Der sinfonische Score leitet sich aus Genrestandards ab und erweist sich dabei immer wieder als recht geschickt orchestriert. Die “Destruction Of Earth” bietet schöne schrille Streicher im Stile der desaster movies der Siebziger Jahre, die Vogonen bekommen tapsige Tuba-Stöße zugeordnet. Eine schöne Sequenz findet sich auch beim Tod des Wales, wo Talbot mit Streichern und Solo-Oboe ein übertrieben tragisches und sehr schönes Stück inszeniert. Doch diese Sequenz zeigt auch, dass vieles der netten orchestralen Einfälle nur Momentaufnahmen sind, gewissermaßen Stückwerk, welches zusammengenommen einen netten Flickenteppich ergibt, als dramatisches Gesamtwerk aber kaum taugt.
Ebenso verhält es sich mit den schnellen Stilwechseln, mit denen die Musik durchzogen ist. Nach der Zerstörung der Erde füllt sich der nun leere Raum an dieser Stelle langsam mit einem riesigen Titel “Per Anhalter Durch die Galaxis”. Eine Ukulele leitet einen besinnlichen Part ein, der langsam aber sicher in ein großes sinfonisches Rockarrangement übergeht. Ein orchestrales Thema wird mit einem peppigen Rhythmus und synthetischen Effekten überzogen, was im konkreten Moment gut funktioniert, aber wieder im Gesamtkontext in der Luft hängt. Mariachi-Anklänge, siebziger Jahre Elektronik, ein englisch anmutender Hymnus, Orgelklänge und introspektive Streicher- und Klavierklänge ("Tea In Space") garnieren häufig den Score.

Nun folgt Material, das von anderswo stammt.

text \<open>The top set of a unimodal function can be grown one point at a time, always by the
  larger of the two neighbours of the current interval, keeping the mode inside.\<close>

lemma unimodal_top_interval:
  fixes f :: "int \<Rightarrow> 'b::linorder"
  assumes "lo \<le> m" "m \<le> hi" and up: "mono_on {lo..m} f" and down: "antimono_on {m..hi} f"
    and "lo + int d \<le> hi"
  shows "\<exists>a. lo \<le> a \<and> a + int d \<le> hi \<and> a \<le> m \<and> m \<le> a + int d
           \<and> is_top_set f {lo..hi} {a..a + int d}"
  using assms(5)
proof (induction d)
  case 0
  have "f j \<le> f m" if "j \<in> {lo..hi}" for j
  proof (cases "j \<le> m")
    case True
    then show ?thesis using that assms(1,2) by (auto intro: mono_onD[OF up])
  next
    case False
    then show ?thesis using that assms(1,2) by (auto intro: monotone_onD[OF down])
  qed
  then have "is_top_set f {lo..hi} {m..m}"
    unfolding is_top_set_def using assms(1,2) by auto
  then show ?case using assms(1,2) by auto
next
  case (Suc d)
  then obtain a where a: "lo \<le> a" "a + int d \<le> hi" "a \<le> m" "m \<le> a + int d"
    and top: "is_top_set f {lo..hi} {a..a + int d}"
    by auto
  define b where "b = a + int d"
  show ?case
  proof (cases "lo < a \<and> (b = hi \<or> f (b + 1) \<le> f (a - 1))")
    case True
    have "f j \<le> f (a - 1)" if "j \<in> {lo..hi} - {a..b}" for j
    proof (cases "j < a")
      case True
      then show ?thesis using that a by (auto intro: mono_onD[OF up])
    next
      case False
      then have "b + 1 \<le> j" "j \<le> hi" "b \<noteq> hi" using that by auto
      then have "f j \<le> f (b + 1)" using a by (auto simp: b_def intro: monotone_onD[OF down])
      also have "\<dots> \<le> f (a - 1)" using True \<open>b \<noteq> hi\<close> by auto
      finally show ?thesis .
    qed
    then have "is_top_set f {lo..hi} (insert (a - 1) {a..b})"
      using True a by (intro is_top_set_insert[OF top[folded b_def]]) auto
    moreover have "insert (a - 1) {a..b} = {a - 1..a - 1 + int (Suc d)}"
      by (auto simp: b_def)
    ultimately show ?thesis using True a by (intro exI[of _ "a - 1"]) (auto simp: b_def)
  next
    case False
    then have "b < hi" using Suc.prems a by (auto simp: b_def)
    have "f j \<le> f (b + 1)" if "j \<in> {lo..hi} - {a..b}" for j
    proof (cases "b < j")
      case True
      then show ?thesis using that a by (auto simp: b_def intro: monotone_onD[OF down])
    next
      case False
      then have "lo \<le> j" "j \<le> a - 1" "lo < a" using that by auto
      then have "f j \<le> f (a - 1)" using a by (auto intro: mono_onD[OF up])
      also have "\<dots> \<le> f (b + 1)" using \<open>\<not> (lo < a \<and> _)\<close> \<open>lo < a\<close> \<open>b < hi\<close> by auto
      finally show ?thesis .
    qed
    then have "is_top_set f {lo..hi} (insert (b + 1) {a..b})"
      using \<open>b < hi\<close> a by (intro is_top_set_insert[OF top[folded b_def]]) (auto simp: b_def)
    moreover have "insert (b + 1) {a..b} = {a..a + int (Suc d)}"
      by (auto simp: b_def)
    ultimately show ?thesis using \<open>b < hi\<close> a by (intro exI[of _ a]) (auto simp: b_def)
  qed
qed
lemma l2norm_sq_apply_eq_gram:
  assumes T: "bounded_op T" and x: "l2 x"
  shows "complex_of_real (l2norm_sq (mat_apply T x)) = l2_inner (mat_apply (gram T) x) x"
proof -
  have Tx: "l2 (mat_apply T x)" by (rule bounded_op_l2[OF T x])
  have "complex_of_real (l2norm_sq (mat_apply T x)) = (\<Sum>j. cnj (mat_apply T x j) * mat_apply T x j)"
    by (simp add: l2norm_sq_eq_inner[OF Tx] l2_inner_def)
  also have "\<dots> = (\<Sum>m. mat_apply (\<lambda>i j. T j i) (\<lambda>j. cnj (mat_apply T x j)) m * x m)"
    by (rule transpose_apply_pairing[OF T l2_cnj[OF Tx] x, symmetric])
  also have "\<dots> = l2_inner (mat_apply (gram T) x) x"
    by (simp add: l2_inner_def cnj_mat_apply_gram[OF T x])
  finally show ?thesis .
qed

lemma gram_diff_conj_pair:
  fixes B C :: imat
  defines "X \<equiv> \<lambda>i j. C i j + \<i> * B i j" and "Y \<equiv> \<lambda>i j. C i j - \<i> * B i j"
  assumes X: "bounded_op X" and Y: "bounded_op Y"
  shows "gram Y l m - gram X l m = - 2 * \<i> * (\<Sum>j. cnj (C j l) * B j m - cnj (B j l) * C j m)"
proof -
  have pw: "cnj (Y j l) * Y j m - cnj (X j l) * X j m = - 2 * \<i> * (cnj (C j l) * B j m - cnj (B j l) * C j m)"
    for j by (simp add: X_def Y_def algebra_simps)
  have "(\<lambda>j. cnj (Y j l) * Y j m - cnj (X j l) * X j m) sums (gram Y l m - gram X l m)"
    unfolding gram_def
    by (intro sums_diff summable_sums summable_mult_l2 l2_cnj bounded_op_col X Y)
  hence "(\<lambda>j. - 2 * \<i> * (cnj (C j l) * B j m - cnj (B j l) * C j m)) sums (gram Y l m - gram X l m)"
    by (simp only: pw)
  from sums_divide[OF this, of "- 2 * \<i>"]
  have "(\<lambda>j. cnj (C j l) * B j m - cnj (B j l) * C j m) sums ((gram Y l m - gram X l m) / (- 2 * \<i>))"
    by simp
  hence "\<i> * ((\<Sum>j. cnj (C j l) * B j m - cnj (B j l) * C j m) * 2) = \<i> * \<i> * (gram Y l m - gram X l m)"
    by (simp add: sums_iff)
  thus ?thesis by (simp add: algebra_simps)
qed

section \<open>The residual of the projection onto finitely many vectors\<close>

text \<open>If \<open>W\<close> inverts the Gram matrix \<open>N\<^sub>a\<^sub>b = \<langle>f\<^sub>a, f\<^sub>b\<rangle>\<close> of \<open>f\<^sub>0, \<dots>, f\<^sub>k\<^sub>-\<^sub>1\<close>, then
  \<open>z \<mapsto> \<Sum>\<^sub>a\<^sub>,\<^sub>b f\<^sub>a W\<^sub>a\<^sub>b \<langle>f\<^sub>b, z\<rangle>\<close> is the orthogonal projection onto their span.\<close>

definition proj_residual :: "nat \<Rightarrow> (nat \<Rightarrow> nat \<Rightarrow> complex) \<Rightarrow> imat \<Rightarrow> (nat \<Rightarrow> complex) \<Rightarrow> nat \<Rightarrow> complex" where
  "proj_residual k f W z = (\<lambda>i. z i - (\<Sum>a<k. f a i * (\<Sum>b<k. W a b * l2_inner (f b) z)))"

lemma l2_proj_residual:
  assumes f: "\<And>a. a < k \<Longrightarrow> l2 (f a)" and z: "l2 z"
  shows "l2 (proj_residual k f W z)"
  unfolding proj_residual_def by (intro l2_diff z l2_sum l2_scale_right f) simp_all

lemma proj_residual_span_eq_0:
  assumes f: "\<And>a. a < k \<Longrightarrow> l2 (f a)"
    and W: "is_fin_inverse k (\<lambda>a b. l2_inner (f a) (f b)) W"
  shows "proj_residual k f W (\<lambda>i. \<Sum>c<k. f c i * t c) = (\<lambda>i. 0)"
proof -
  have coeff: "(\<Sum>b<k. W a b * l2_inner (f b) (\<lambda>i. \<Sum>c<k. f c i * t c)) = t a" if a: "a < k" for a
  proof -
    have "(\<Sum>b<k. W a b * l2_inner (f b) (\<lambda>i. \<Sum>c<k. f c i * t c))
        = (\<Sum>b<k. W a b * (\<Sum>c<k. t c * l2_inner (f b) (f c)))"
      by (intro sum.cong refl arg_cong2[where f="(*)"] l2_inner_sum_right f) simp_all
    also have "\<dots> = (\<Sum>b<k. \<Sum>c<k. t c * (W a b * l2_inner (f b) (f c)))"
      by (simp add: sum_distrib_left mult_ac)
    also have "\<dots> = (\<Sum>c<k. t c * (\<Sum>b<k. W a b * l2_inner (f b) (f c)))"
      by (subst sum.swap) (simp add: sum_distrib_left)
    also have "\<dots> = (\<Sum>c<k. if c = a then t a else 0)"
      using W a unfolding is_fin_inverse_def by (intro sum.cong) auto
    also have "\<dots> = t a" using a by simp
    finally show ?thesis .
  qed
  show ?thesis by (simp add: proj_residual_def coeff)
qed

lemma proj_residual_diff:
  assumes f: "\<And>a. a < k \<Longrightarrow> l2 (f a)" and z: "l2 z" and u: "l2 u"
  shows "proj_residual k f W (\<lambda>i. z i - u i) = (\<lambda>i. proj_residual k f W z i - proj_residual k f W u i)"
  unfolding proj_residual_def
  by (simp add: l2_inner_diff_right[OF f z u] algebra_simps sum_subtractf)

lemma proj_residual_orthogonal:
  assumes f: "\<And>a. a < k \<Longrightarrow> l2 (f a)" and z: "l2 z"
    and W: "is_fin_inverse k (\<lambda>a b. l2_inner (f a) (f b)) W" and c: "c < k"
  shows "l2_inner (f c) (proj_residual k f W z) = 0"
proof -
  define d where "d a = (\<Sum>b<k. W a b * l2_inner (f b) z)" for a
  have "l2_inner (f c) (\<lambda>i. \<Sum>a<k. f a i * d a) = (\<Sum>a<k. d a * l2_inner (f c) (f a))"
    by (rule l2_inner_sum_right[OF f[OF c] f])
  also have "\<dots> = (\<Sum>a<k. \<Sum>b<k. l2_inner (f c) (f a) * W a b * l2_inner (f b) z)"
    by (simp add: d_def sum_distrib_left sum_distrib_right mult_ac)
  also have "\<dots> = (\<Sum>b<k. (\<Sum>a<k. l2_inner (f c) (f a) * W a b) * l2_inner (f b) z)"
    by (subst sum.swap) (simp add: sum_distrib_right)
  also have "\<dots> = (\<Sum>b<k. if b = c then l2_inner (f c) z else 0)"
    using W c unfolding is_fin_inverse_def by (intro sum.cong) auto
  also have "\<dots> = l2_inner (f c) z" using c by simp
  finally have "l2_inner (f c) (\<lambda>i. \<Sum>a<k. f a i * d a) = l2_inner (f c) z" .
  moreover have "l2 (\<lambda>i. \<Sum>a<k. f a i * d a)" by (intro l2_sum l2_scale_right f) simp_all
  ultimately show ?thesis
    unfolding proj_residual_def d_def[symmetric] by (simp add: l2_inner_diff_right[OF f[OF c] z])
qed

lemma l2norm_sq_proj_residual_le:
  assumes f: "\<And>a. a < k \<Longrightarrow> l2 (f a)" and z: "l2 z"
    and W: "is_fin_inverse k (\<lambda>a b. l2_inner (f a) (f b)) W"
  shows "l2norm_sq (proj_residual k f W z) \<le> l2norm_sq z"
proof -
  define R where "R = proj_residual k f W z"
  define p where "p i = (\<Sum>a<k. f a i * (\<Sum>b<k. W a b * l2_inner (f b) z))" for i
  have R: "l2 R" unfolding R_def by (rule l2_proj_residual[OF f z])
  have p: "l2 p" unfolding p_def by (intro l2_sum l2_scale_right f) simp_all
  have "l2_inner p R = 0"
    unfolding p_def R_def
    by (simp add: l2_inner_sum_left[OF l2_proj_residual[OF f z] f] proj_residual_orthogonal[OF f z W])
  hence "l2norm_sq (\<lambda>i. p i + R i) = l2norm_sq p + l2norm_sq R"
    by (intro l2norm_sq_add_orthogonal p R) simp
  moreover have "(\<lambda>i. p i + R i) = z" by (simp add: R_def p_def proj_residual_def)
  ultimately show ?thesis using l2norm_sq_nonneg[OF p] by (simp add: R_def)
qed

section \<open>Inverting a finite matrix\<close>

lemma is_fin_inverse_cong:
  "(\<And>a b. a < k \<Longrightarrow> b < k \<Longrightarrow> N a b = N' a b) \<Longrightarrow> is_fin_inverse k N W \<longleftrightarrow> is_fin_inverse k N' W"
  unfolding is_fin_inverse_def by (auto intro!: sum.cong)

text \<open>\<open>fin_inv\<close> works with \<open>nat\<close> indices below \<open>k\<close>; an enumeration \<open>e\<close> of a finite type of
  cardinality \<open>k\<close> turns the square matrix into a \<open>complex^'k^'k\<close>, where injective implies invertible.\<close>

context
  fixes e :: "'k::finite \<Rightarrow> nat"
  assumes e: "bij_betw e UNIV {..<CARD('k)}"
begin

lemma enum_inv_into: "a < CARD('k) \<Longrightarrow> e (inv_into UNIV e a) = a"
  using e by (simp add: bij_betw_inv_into_right)

lemma inv_into_enum: "inv_into UNIV e (e p) = p"
  using e by (simp add: bij_betw_def)

lemma enum_less_card: "e p < CARD('k)"
  using bij_betw_apply[OF e] by simp

lemma sum_lessThan_card_enum: "(\<Sum>c<CARD('k). g c) = (\<Sum>p\<in>UNIV. g (e p))"
  using sum.reindex_bij_betw[OF e, of g] by simp

lemma invertible_enum_mat:
  fixes N :: imat
  assumes inj: "\<And>v. \<forall>a<CARD('k). (\<Sum>b<CARD('k). N a b * v b) = 0 \<Longrightarrow> \<forall>a<CARD('k). v a = 0"
  shows "invertible (\<chi> p q. N (e p) (e q) :: complex^'k^'k)"
proof -
  define A :: "complex^'k^'k" where "A = (\<chi> p q. N (e p) (e q))"
  have "x = 0" if Ax: "A *v x = 0" for x
  proof -
    define v where "v b = (if b < CARD('k) then x $ inv_into UNIV e b else 0)" for b
    have Nv: "(\<Sum>b<CARD('k). N a b * v b) = (A *v x) $ inv_into UNIV e a" if a: "a < CARD('k)" for a
      by (simp add: sum_lessThan_card_enum matrix_vector_mult_def A_def v_def enum_inv_into[OF a]
          inv_into_enum enum_less_card)
    have "\<forall>a<CARD('k). v a = 0" by (rule inj) (simp add: Nv Ax)
    hence "x $ q = 0" for q using enum_less_card[of q] by (metis v_def inv_into_enum)
    thus "x = 0" by (simp add: vec_eq_iff)
  qed
  then obtain Bi where "Bi ** A = mat 1" using matrix_left_invertible_ker by blast
  thus ?thesis unfolding A_def[symmetric] invertible_def using matrix_left_right_inverse by blast
qed

lemma is_fin_inverse_enum_mat:
  fixes N :: imat and Bi :: "complex^'k^'k"
  defines "A \<equiv> \<chi> p q. N (e p) (e q)"
  assumes AB: "A ** Bi = mat 1" and BA: "Bi ** A = mat 1"
  shows "is_fin_inverse CARD('k) N (\<lambda>a b. Bi $ inv_into UNIV e a $ inv_into UNIV e b)"
  unfolding is_fin_inverse_def
proof (intro conjI allI impI)
  fix a b assume a: "a < CARD('k)" and b: "b < CARD('k)"
  have ie_eq_iff: "inv_into UNIV e a = inv_into UNIV e b \<longleftrightarrow> a = b"
    using enum_inv_into[OF a] enum_inv_into[OF b] by metis
  have "(\<Sum>c<CARD('k). N a c * Bi $ inv_into UNIV e c $ inv_into UNIV e b)
      = (A ** Bi) $ inv_into UNIV e a $ inv_into UNIV e b"
    by (simp add: sum_lessThan_card_enum matrix_matrix_mult_def A_def enum_inv_into[OF a] inv_into_enum)
  thus "(\<Sum>c<CARD('k). N a c * Bi $ inv_into UNIV e c $ inv_into UNIV e b) = (if a = b then 1 else 0)"
    using AB ie_eq_iff by (simp add: mat_def)
  have "(\<Sum>c<CARD('k). Bi $ inv_into UNIV e a $ inv_into UNIV e c * N c b)
      = (Bi ** A) $ inv_into UNIV e a $ inv_into UNIV e b"
    by (simp add: sum_lessThan_card_enum matrix_matrix_mult_def A_def enum_inv_into[OF b] inv_into_enum)
  thus "(\<Sum>c<CARD('k). Bi $ inv_into UNIV e a $ inv_into UNIV e c * N c b) = (if a = b then 1 else 0)"
    using BA ie_eq_iff by (simp add: mat_def)
qed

Die Verarbeitung der kompletten Musik ist durchaus gelungen, die Einfälle sind überzeugend eingebunden. Der Unterhaltungswert des Albums ist demnach durchaus gegeben, auch wenn der kompositorische Anspruch nicht die oberste Priorität hatte. Als Ergänzung der Sammlung kann man also durchaus zugreifen und damit erfüllt die Musik ihre Aufgabe besser als der Film - sei man nun Hitchhiker-Fan oder nicht.